======== Available data

(* Let $N\ge2$, $\lambda>0$, $\mu\in\mathbb R$, $\sigma>0$. Let $\Delta S_1\sim\mathcal N(\mu,\sigma^2)$ and $\hat\mu\sim\mathcal N(\mu,\sigma^2/N)$ be independent, and let $a_{\mathrm{plug\text{-}in}}:=\hat\mu/(\lambda\sigma^2)$. Then \[ \mathrm{MeanVar}_\lambda\big(a_{\mathrm{plug\text{-}in}}\,\Delta S_1\big)=\frac{\mu^2}{2\lambda\sigma^2}-\frac{\mu^2+\sigma^2}{2N\lambda\sigma^2}. \]
   Context: $\mathrm{MeanVar}_\lambda(X):=\mathbb E[X]-\frac\lambda2\mathbb V[X]$, with expectation and variance under the joint law of $(\hat\mu,\Delta S_1)$. Here $\hat\mu$ plays the role of the sample-mean drift estimate from $N$ past i.i.d. $\mathcal N(\mu,\sigma^2)$ increments and $\Delta S_1$ is the next increment; $a_{\mathrm{plug\text{-}in}}$ is the plug-in investment amount for the entropic objective when the variance is assumed known. *)

theory Defs
  imports "HOL-Probability.Probability"
begin

definition MeanVar :: "'a measure \<Rightarrow> real \<Rightarrow> ('a \<Rightarrow> real) \<Rightarrow> real" where
  "MeanVar M lam X =
     prob_space.expectation M X - lam / 2 * prob_space.variance M X"

end

(* Independence factorises the moments of the product: E[dS muhat] = mu^2 and
   E[(dS muhat)^2] = (sigma^2 + mu^2) (sigma^2/N + mu^2), so the variance of the plug-in
   position is c^2 (sigma^4/N + sigma^2 mu^2 (1 + 1/N)) with c = 1/(lam sigma^2), and the
   formula follows because MeanVar is linear in the mean and quadratic in the scale. *)
theory Submission
  imports Defs
begin

lemma (in prob_space) normal_distributed_integrable:
  assumes "0 < s" and D: "distributed M lborel X (normal_density m s)"
  shows "integrable M X"
  using distributed_integrable_var[OF D _ integrable_normal_moment_nz_1[OF \<open>0 < s\<close>]] by simp

lemma (in prob_space) normal_distributed_square_integrable:
  assumes "0 < s" and D: "distributed M lborel X (normal_density m s)"
  shows "integrable M (\<lambda>x. (X x)\<^sup>2)"
proof -
  have "integrable lborel (\<lambda>x. normal_density m s x * (x - m)\<^sup>2
      + 2 * m * (normal_density m s x * x) - m\<^sup>2 * normal_density m s x)"
    using integrable_normal_moment[OF \<open>0 < s\<close>, of m 2] integrable_normal_moment_nz_1[OF \<open>0 < s\<close>, of m]
      integrable_normal_density[OF \<open>0 < s\<close>, of m]
    by (intro Bochner_Integration.integrable_diff Bochner_Integration.integrable_add
          integrable_mult_right) auto
  also have "(\<lambda>x. normal_density m s x * (x - m)\<^sup>2
      + 2 * m * (normal_density m s x * x) - m\<^sup>2 * normal_density m s x)
      = (\<lambda>x. normal_density m s x * x\<^sup>2)"
    by (simp add: power2_eq_square algebra_simps)
  finally show ?thesis
    using distributed_integrable[OF D, of "\<lambda>x. x\<^sup>2"] by simp
qed

lemma (in prob_space) normal_distributed_second_moment:
  assumes "0 < s" and D: "distributed M lborel X (normal_density m s)"
  shows "expectation (\<lambda>x. (X x)\<^sup>2) = s\<^sup>2 + m\<^sup>2"
  using variance_eq[OF normal_distributed_integrable[OF assms] normal_distributed_square_integrable[OF assms]]
    normal_distributed_variance[OF assms] normal_distributed_expectation[OF assms]
  by simp

lemma (in prob_space) variance_scale:
  fixes X :: "'a \<Rightarrow> real"
  shows "variance (\<lambda>x. c * X x) = c\<^sup>2 * variance X"
proof -
  have "(\<lambda>x. (c * X x - expectation (\<lambda>x. c * X x))\<^sup>2) = (\<lambda>x. c\<^sup>2 * (X x - expectation X)\<^sup>2)"
    by (simp add: power2_eq_square algebra_simps)
  then show ?thesis by simp
qed

lemma (in prob_space) indep_var_variance_mult:
  fixes X Y :: "'a \<Rightarrow> real"
  assumes XY: "indep_var borel X borel Y"
    and X2: "integrable M (\<lambda>x. (X x)\<^sup>2)" and Y2: "integrable M (\<lambda>x. (Y x)\<^sup>2)"
  shows "variance (\<lambda>x. X x * Y x) =
           expectation (\<lambda>x. (X x)\<^sup>2) * expectation (\<lambda>x. (Y x)\<^sup>2) - (expectation X * expectation Y)\<^sup>2"
proof -
  have X: "integrable M X"
    using square_integrable_imp_integrable[OF _ X2] indep_var_rv1[OF XY] by simp
  have Y: "integrable M Y"
    using square_integrable_imp_integrable[OF _ Y2] indep_var_rv2[OF XY] by simp
  have XY2: "indep_var borel (\<lambda>x. (X x)\<^sup>2) borel (\<lambda>x. (Y x)\<^sup>2)"
    using indep_var_compose[OF XY, of "\<lambda>x. x\<^sup>2" borel "\<lambda>x. x\<^sup>2" borel] by (simp add: comp_def)
  have sq: "(\<lambda>x. (X x * Y x)\<^sup>2) = (\<lambda>x. (X x)\<^sup>2 * (Y x)\<^sup>2)"
    by (simp add: power_mult_distrib)
  show ?thesis
    using variance_eq[OF indep_var_integrable[OF XY X Y]] indep_var_integrable[OF XY2 X2 Y2]
      indep_var_lebesgue_integral[OF XY X Y] indep_var_lebesgue_integral[OF XY2 X2 Y2]
    unfolding sq by simp
qed

lemma MeanVar_scale:
  assumes "prob_space M"
  shows "MeanVar M lam (\<lambda>x. c * X x) =
           c * prob_space.expectation M X - lam / 2 * c\<^sup>2 * prob_space.variance M X"
proof -
  interpret prob_space M by (rule assms)
  show ?thesis by (simp only: MeanVar_def variance_scale) simp
qed

theorem lemmaB3:
  fixes M :: "'a measure" and N :: nat and lam mu sigma :: real
    and dS muhat :: "'a \<Rightarrow> real"
  assumes "prob_space M"
    and "N \<ge> 2" and "lam > 0" and "sigma > 0"
    and "distributed M lborel dS (normal_density mu sigma)"
    and "distributed M lborel muhat (normal_density mu (sigma / sqrt (real N)))"
    and "prob_space.indep_var M borel dS borel muhat"
  shows "MeanVar M lam (\<lambda>\<omega>. (muhat \<omega> / (lam * sigma\<^sup>2)) * dS \<omega>) =
           mu\<^sup>2 / (2 * lam * sigma\<^sup>2) - (mu\<^sup>2 + sigma\<^sup>2) / (2 * real N * lam * sigma\<^sup>2)"
proof -
  interpret prob_space M by (rule assms(1))
  have "real N > 0" using assms(2) by simp
  then have "sigma / sqrt (real N) > 0" using assms(4) by simp
  note dS = assms(4,5) and muhat = this assms(6)
  have E: "expectation (\<lambda>\<omega>. dS \<omega> * muhat \<omega>) = mu\<^sup>2"
    using indep_var_lebesgue_integral[OF assms(7)] normal_distributed_integrable[OF dS]
      normal_distributed_integrable[OF muhat] normal_distributed_expectation[OF dS]
      normal_distributed_expectation[OF muhat]
    by (simp add: power2_eq_square)
  have V: "variance (\<lambda>\<omega>. dS \<omega> * muhat \<omega>) = (sigma\<^sup>2 + mu\<^sup>2) * (sigma\<^sup>2 / real N + mu\<^sup>2) - mu\<^sup>2 * mu\<^sup>2"
    using indep_var_variance_mult[OF assms(7)] normal_distributed_square_integrable[OF dS]
      normal_distributed_square_integrable[OF muhat] normal_distributed_second_moment[OF dS]
      normal_distributed_second_moment[OF muhat] normal_distributed_expectation[OF dS]
      normal_distributed_expectation[OF muhat] \<open>real N > 0\<close>
    by (simp add: power_divide power2_eq_square)
  have scaled: "(\<lambda>\<omega>. muhat \<omega> / (lam * sigma\<^sup>2) * dS \<omega>) = (\<lambda>\<omega>. 1 / (lam * sigma\<^sup>2) * (dS \<omega> * muhat \<omega>))"
    by auto
  show ?thesis
    \<comment> \<open>V must be unfolded before E: the abbreviation variance contains the expectation.\<close>
    unfolding scaled MeanVar_scale[OF assms(1)] V unfolding E
    using assms(3,4) \<open>real N > 0\<close> by (simp add: field_simps power2_eq_square)
qed

end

================

• [Prompt]
All that belongs in your answer is the stretch of entries above from the line with "M lam (\<lambda>x." through the line with "using indep_var_lebesgue_integral[OF assms(7)]", printed exactly.

• [Solved exercise]
  shows "MeanVar M lam (\<lambda>x. c * X x) =
           c * prob_space.expectation M X - lam / 2 * c\<^sup>2 * prob_space.variance M X"
proof -
  interpret prob_space M by (rule assms)
  show ?thesis by (simp only: MeanVar_def variance_scale) simp
qed

theorem lemmaB3:
  fixes M :: "'a measure" and N :: nat and lam mu sigma :: real
    and dS muhat :: "'a \<Rightarrow> real"
  assumes "prob_space M"
    and "N \<ge> 2" and "lam > 0" and "sigma > 0"
    and "distributed M lborel dS (normal_density mu sigma)"
    and "distributed M lborel muhat (normal_density mu (sigma / sqrt (real N)))"
    and "prob_space.indep_var M borel dS borel muhat"
  shows "MeanVar M lam (\<lambda>\<omega>. (muhat \<omega> / (lam * sigma\<^sup>2)) * dS \<omega>) =
           mu\<^sup>2 / (2 * lam * sigma\<^sup>2) - (mu\<^sup>2 + sigma\<^sup>2) / (2 * real N * lam * sigma\<^sup>2)"
proof -
  interpret prob_space M by (rule assms(1))
  have "real N > 0" using assms(2) by simp
  then have "sigma / sqrt (real N) > 0" using assms(4) by simp
  note dS = assms(4,5) and muhat = this assms(6)
  have E: "expectation (\<lambda>\<omega>. dS \<omega> * muhat \<omega>) = mu\<^sup>2"
    using indep_var_lebesgue_integral[OF assms(7)] normal_distributed_integrable[OF dS]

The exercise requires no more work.